In fact he’s made for climbing, Morgan thought. Made for falling, me.

“Come, friend Morgan,” Snenneq said. “Follow us.”

“Remind me again why I came with you?” he asked.

“Because I said I would show wonders to you,” the troll told him.

“Ah. Yes. Of course.” He patted Sir Porto on his blanketed shoulder, and said with a confidence he did not wholly feel, “Be brave, old campaigner. We’ll be back very soon.”

? ? ?

“Morgan Prince!” called Snenneq from somewhere above. “Almost we have reached a stopping place.”

“Oh, praise the Aedon!” Morgan was feeling the cold badly now, and wishing he had drunk a great deal less water and a great deal more wine. “We’re at the stopping place?”

“No,” said Snenneq. “We are almost at a stopping place.”

They scrambled up another bank of loose rock and then picked their way along a scarp that looked so narrow—though it was wider across than his shoulders—that Morgan sat down and inched along it like a child learning to crawl. He could see the lights of Radfisk Foss far below them now, obscured by the trees at the base of the slope and looking quite unreachably distant.

“Here is not for lingering,” called Snenneq, despite the fact that he had just taken off his pack. “Our slowness makes me worry.”
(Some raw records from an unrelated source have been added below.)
lemma predual_ract_apply [simp]: "blinfun_apply (predual_ract \<psi> a) = (\<lambda>x. \<psi> (l a x))"
  and predual_lact_apply [simp]: "blinfun_apply (predual_lact a \<psi>) = (\<lambda>x. \<psi> (r x a))"
  and left_slice_apply [simp]: "blinfun_apply (left_slice \<psi> x) = (\<lambda>a. \<psi> (l a x))"
  unfolding predual_ract_def predual_lact_def left_slice_def
  by (simp_all add: bounded_linear_Blinfun_apply l.bounded_linear_left l.bounded_linear_right
      bounded_linear_right_action bounded_linear_compose[OF blinfun.bounded_linear_right])

lemma predual_ract_mem: "\<psi> \<in> Q \<Longrightarrow> predual_ract \<psi> a \<in> Q"
  and predual_lact_mem: "\<psi> \<in> Q \<Longrightarrow> predual_lact a \<psi> \<in> Q"
  using normal by (simp_all add: normal_dual_bimodule_def predual_ract_def predual_lact_def)

lemma continuous_map_left:
  "\<psi> \<in> Q \<Longrightarrow> continuous_map (wstar_top P) euclidean (\<lambda>a. \<psi> (l a x))"
  using continuous_map_compose[OF _ continuous_map_wstar_top] normal
  by (force simp: normal_dual_bimodule_def o_def)

lemma continuous_map_right:
  "\<psi> \<in> Q \<Longrightarrow> continuous_map (wstar_top P) euclidean (\<lambda>a. \<psi> (r x a))"
  using continuous_map_compose[OF _ continuous_map_wstar_top] normal
  by (force simp: normal_dual_bimodule_def o_def)

lemma continuous_map_derivation:
  "\<psi> \<in> Q \<Longrightarrow> continuous_map (wstar_top P) euclidean (\<lambda>a. \<psi> (D a))"
  using continuous_map_compose[OF _ continuous_map_wstar_top] derivation
  by (force simp: wstar_derivation_def o_def)

lemma left_slice_mem: "\<psi> \<in> Q \<Longrightarrow> left_slice \<psi> x \<in> P"
  using predual_P continuous_map_left
  by (intro wstar_continuous_functional_in_predual) (auto simp: is_predual_def)

lemma bounded_bilinear_left_D: "bounded_bilinear (\<lambda>b c. l b (D c))"
  by (rule bounded_bilinear.comp[OF l.bounded_bilinear_axioms bounded_linear_ident bounded_linear_D])

definition derivation_form :: "('e \<Rightarrow>\<^sub>L real) \<Rightarrow> ('a \<Rightarrow>\<^sub>L 'a \<Rightarrow>\<^sub>L real)" where
  "derivation_form = bilinear_adjoint (\<lambda>b c. l b (D c))"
“Yes, well, I’m not all that happy myself,” said Morgan. He was quite disinterested in the whole adventure now. If it had not been for the full moon, the four of them would have been climbing these perilous heights in darkness. He had been finding the company of Astrian and Olveris a bit flat of late—the knights seemed to be doing nothing more than waiting for the journey to end—but he was beginning to think it was not such a good idea to let the trolls call the dance either. “Snenneq, why are we here? In fact, where are we going?”

“It is not just a where,” Little Snenneq said. “It is having more importance for when.”

“Oh, God save me from mad trolls!” Morgan sat down on the broad ledge. “That is enough. We’ll go back now.”

“True it is only being a little more far,” said Qina. “Do not be feared, Highness Prince.”

“Prince Morgan. No, just ‘Morgan.’ Simpler. What is only a little more far?”

“The top,” Snenneq explained. “But first you must be putting these on.” He pulled an oilskinned bundle out of his pack and began to unwrap it. He set a pair of climbing irons before Morgan, then took the other for himself. Qina had already donned hers in what seemed less than a moment; it made Morgan feel dizzied. “Go to,” Snenneq urged him. “You are remembering how, yes? But this time not for ice-sliding, only climbing.” The troll laughed so loud he blew snow from the fur around his hood. “What did you call it—skatting? Skating? We will not be doing that tonight, I think.” He paused, waiting for a response, grinning widely. At last he said, in a slightly injured tone, “That was a fine joke, you must admit.”

“Do Singing Men have to be good at jokes?” Morgan asked, swearing silently as he knotted his cold fingers in a rawhide thong by accident.

“A Singing Man must be skilled in all things,” Snenneq said with high seriousness. “Herding and hunting, making and finding, leaving and coming back again. He must travel so quietly the rabbits do not hear him pass. He must speak the languages of people and of animals and of storms—”

“He must speak when the moon is climbed too high,” said Qina with a stern look.

“By the Mountain’s Daughter, she is right!” Snenneq said. “You have kept me too long in conversing, Morgan Prince. Now we must go swiftly. Do not worry, Qina and myself will see you there safely.”

“But where is there?” Morgan asked, getting cautiously onto his feet. At least this time the odd weight and protrusion of the climbing spikes felt almost familiar.